» WHAT TO WORK ON: Each line below is to be copied exactly as it appears.

─── THE INPUT ───

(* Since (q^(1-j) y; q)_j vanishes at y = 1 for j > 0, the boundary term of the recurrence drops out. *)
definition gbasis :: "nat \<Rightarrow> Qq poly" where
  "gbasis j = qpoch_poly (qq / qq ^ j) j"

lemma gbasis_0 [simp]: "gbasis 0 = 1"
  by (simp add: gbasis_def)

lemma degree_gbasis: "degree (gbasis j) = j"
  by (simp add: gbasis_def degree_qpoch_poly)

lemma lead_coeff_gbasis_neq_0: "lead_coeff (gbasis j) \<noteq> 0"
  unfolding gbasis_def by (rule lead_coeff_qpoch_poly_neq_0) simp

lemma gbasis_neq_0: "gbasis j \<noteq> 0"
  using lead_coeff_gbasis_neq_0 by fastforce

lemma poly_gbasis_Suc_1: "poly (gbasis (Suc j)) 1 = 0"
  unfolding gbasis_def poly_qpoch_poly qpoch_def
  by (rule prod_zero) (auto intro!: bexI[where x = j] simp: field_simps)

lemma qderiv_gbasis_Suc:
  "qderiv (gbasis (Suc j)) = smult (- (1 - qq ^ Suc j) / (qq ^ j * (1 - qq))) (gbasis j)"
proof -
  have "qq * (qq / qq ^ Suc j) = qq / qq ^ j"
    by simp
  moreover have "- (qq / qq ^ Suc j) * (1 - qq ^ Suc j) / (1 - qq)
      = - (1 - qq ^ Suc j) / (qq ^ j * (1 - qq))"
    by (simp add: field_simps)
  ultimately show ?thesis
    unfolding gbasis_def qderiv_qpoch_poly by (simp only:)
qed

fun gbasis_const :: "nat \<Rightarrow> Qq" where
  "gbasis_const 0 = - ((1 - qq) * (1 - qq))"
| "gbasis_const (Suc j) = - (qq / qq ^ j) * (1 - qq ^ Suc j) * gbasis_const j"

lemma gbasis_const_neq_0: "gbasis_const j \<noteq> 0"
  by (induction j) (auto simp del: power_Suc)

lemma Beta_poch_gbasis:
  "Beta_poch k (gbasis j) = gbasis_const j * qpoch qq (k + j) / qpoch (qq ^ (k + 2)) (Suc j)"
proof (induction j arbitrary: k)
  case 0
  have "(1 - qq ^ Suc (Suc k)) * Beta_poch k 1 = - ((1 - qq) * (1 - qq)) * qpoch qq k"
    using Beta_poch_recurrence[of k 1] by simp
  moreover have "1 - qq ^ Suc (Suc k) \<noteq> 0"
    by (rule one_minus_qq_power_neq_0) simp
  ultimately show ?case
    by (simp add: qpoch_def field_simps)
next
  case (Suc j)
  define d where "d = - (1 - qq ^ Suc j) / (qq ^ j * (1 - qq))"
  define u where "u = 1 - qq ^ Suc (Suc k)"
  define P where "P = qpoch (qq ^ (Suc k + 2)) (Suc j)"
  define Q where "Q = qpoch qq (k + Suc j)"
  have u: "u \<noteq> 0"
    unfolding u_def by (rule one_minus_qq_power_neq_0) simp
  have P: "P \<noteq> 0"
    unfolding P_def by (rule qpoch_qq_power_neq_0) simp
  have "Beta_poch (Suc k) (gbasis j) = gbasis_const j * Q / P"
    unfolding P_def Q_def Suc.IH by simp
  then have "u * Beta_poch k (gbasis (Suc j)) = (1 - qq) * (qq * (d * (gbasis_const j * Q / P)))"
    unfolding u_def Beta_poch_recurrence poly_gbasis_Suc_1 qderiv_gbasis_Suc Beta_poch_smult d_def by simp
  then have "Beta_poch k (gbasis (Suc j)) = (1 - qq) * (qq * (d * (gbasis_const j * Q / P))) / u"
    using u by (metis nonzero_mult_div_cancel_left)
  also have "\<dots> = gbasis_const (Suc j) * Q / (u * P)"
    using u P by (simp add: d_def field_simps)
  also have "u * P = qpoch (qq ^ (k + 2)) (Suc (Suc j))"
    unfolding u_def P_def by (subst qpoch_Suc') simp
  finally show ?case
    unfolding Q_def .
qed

───

» REPLY TO THE EXERCISE:
(* Since (q^(1-j) y; q)_j vanishes at y = 1 for j > 0, the boundary term of the recurrence drops out. *)
definition gbasis :: "nat \<Rightarrow> Qq poly" where
  "gbasis j = qpoch_poly (qq / qq ^ j) j"

lemma gbasis_0 [simp]: "gbasis 0 = 1"
  by (simp add: gbasis_def)

lemma degree_gbasis: "degree (gbasis j) = j"
  by (simp add: gbasis_def degree_qpoch_poly)

lemma lead_coeff_gbasis_neq_0: "lead_coeff (gbasis j) \<noteq> 0"
  unfolding gbasis_def by (rule lead_coeff_qpoch_poly_neq_0) simp

lemma gbasis_neq_0: "gbasis j \<noteq> 0"
  using lead_coeff_gbasis_neq_0 by fastforce

lemma poly_gbasis_Suc_1: "poly (gbasis (Suc j)) 1 = 0"
  unfolding gbasis_def poly_qpoch_poly qpoch_def
  by (rule prod_zero) (auto intro!: bexI[where x = j] simp: field_simps)

lemma qderiv_gbasis_Suc:
  "qderiv (gbasis (Suc j)) = smult (- (1 - qq ^ Suc j) / (qq ^ j * (1 - qq))) (gbasis j)"
proof -
  have "qq * (qq / qq ^ Suc j) = qq / qq ^ j"
    by simp
  moreover have "- (qq / qq ^ Suc j) * (1 - qq ^ Suc j) / (1 - qq)
      = - (1 - qq ^ Suc j) / (qq ^ j * (1 - qq))"
    by (simp add: field_simps)
  ultimately show ?thesis
    unfolding gbasis_def qderiv_qpoch_poly by (simp only:)
qed

fun gbasis_const :: "nat \<Rightarrow> Qq" where
  "gbasis_const 0 = - ((1 - qq) * (1 - qq))"
| "gbasis_const (Suc j) = - (qq / qq ^ j) * (1 - qq ^ Suc j) * gbasis_const j"

lemma gbasis_const_neq_0: "gbasis_const j \<noteq> 0"
  by (induction j) (auto simp del: power_Suc)

lemma Beta_poch_gbasis:
  "Beta_poch k (gbasis j) = gbasis_const j * qpoch qq (k + j) / qpoch (qq ^ (k + 2)) (Suc j)"
proof (induction j arbitrary: k)
  case 0
  have "(1 - qq ^ Suc (Suc k)) * Beta_poch k 1 = - ((1 - qq) * (1 - qq)) * qpoch qq k"
    using Beta_poch_recurrence[of k 1] by simp
  moreover have "1 - qq ^ Suc (Suc k) \<noteq> 0"
    by (rule one_minus_qq_power_neq_0) simp
  ultimately show ?case
    by (simp add: qpoch_def field_simps)
next
  case (Suc j)
  define d where "d = - (1 - qq ^ Suc j) / (qq ^ j * (1 - qq))"
  define u where "u = 1 - qq ^ Suc (Suc k)"
  define P where "P = qpoch (qq ^ (Suc k + 2)) (Suc j)"
  define Q where "Q = qpoch qq (k + Suc j)"
  have u: "u \<noteq> 0"
    unfolding u_def by (rule one_minus_qq_power_neq_0) simp
  have P: "P \<noteq> 0"
    unfolding P_def by (rule qpoch_qq_power_neq_0) simp
  have "Beta_poch (Suc k) (gbasis j) = gbasis_const j * Q / P"
    unfolding P_def Q_def Suc.IH by simp
  then have "u * Beta_poch k (gbasis (Suc j)) = (1 - qq) * (qq * (d * (gbasis_const j * Q / P)))"
    unfolding u_def Beta_poch_recurrence poly_gbasis_Suc_1 qderiv_gbasis_Suc Beta_poch_smult d_def by simp
  then have "Beta_poch k (gbasis (Suc j)) = (1 - qq) * (qq * (d * (gbasis_const j * Q / P))) / u"
    using u by (metis nonzero_mult_div_cancel_left)
  also have "\<dots> = gbasis_const (Suc j) * Q / (u * P)"
    using u P by (simp add: d_def field_simps)
  also have "u * P = qpoch (qq ^ (k + 2)) (Suc (Suc j))"
    unfolding u_def P_def by (subst qpoch_Suc') simp
  finally show ?case
    unfolding Q_def .
qed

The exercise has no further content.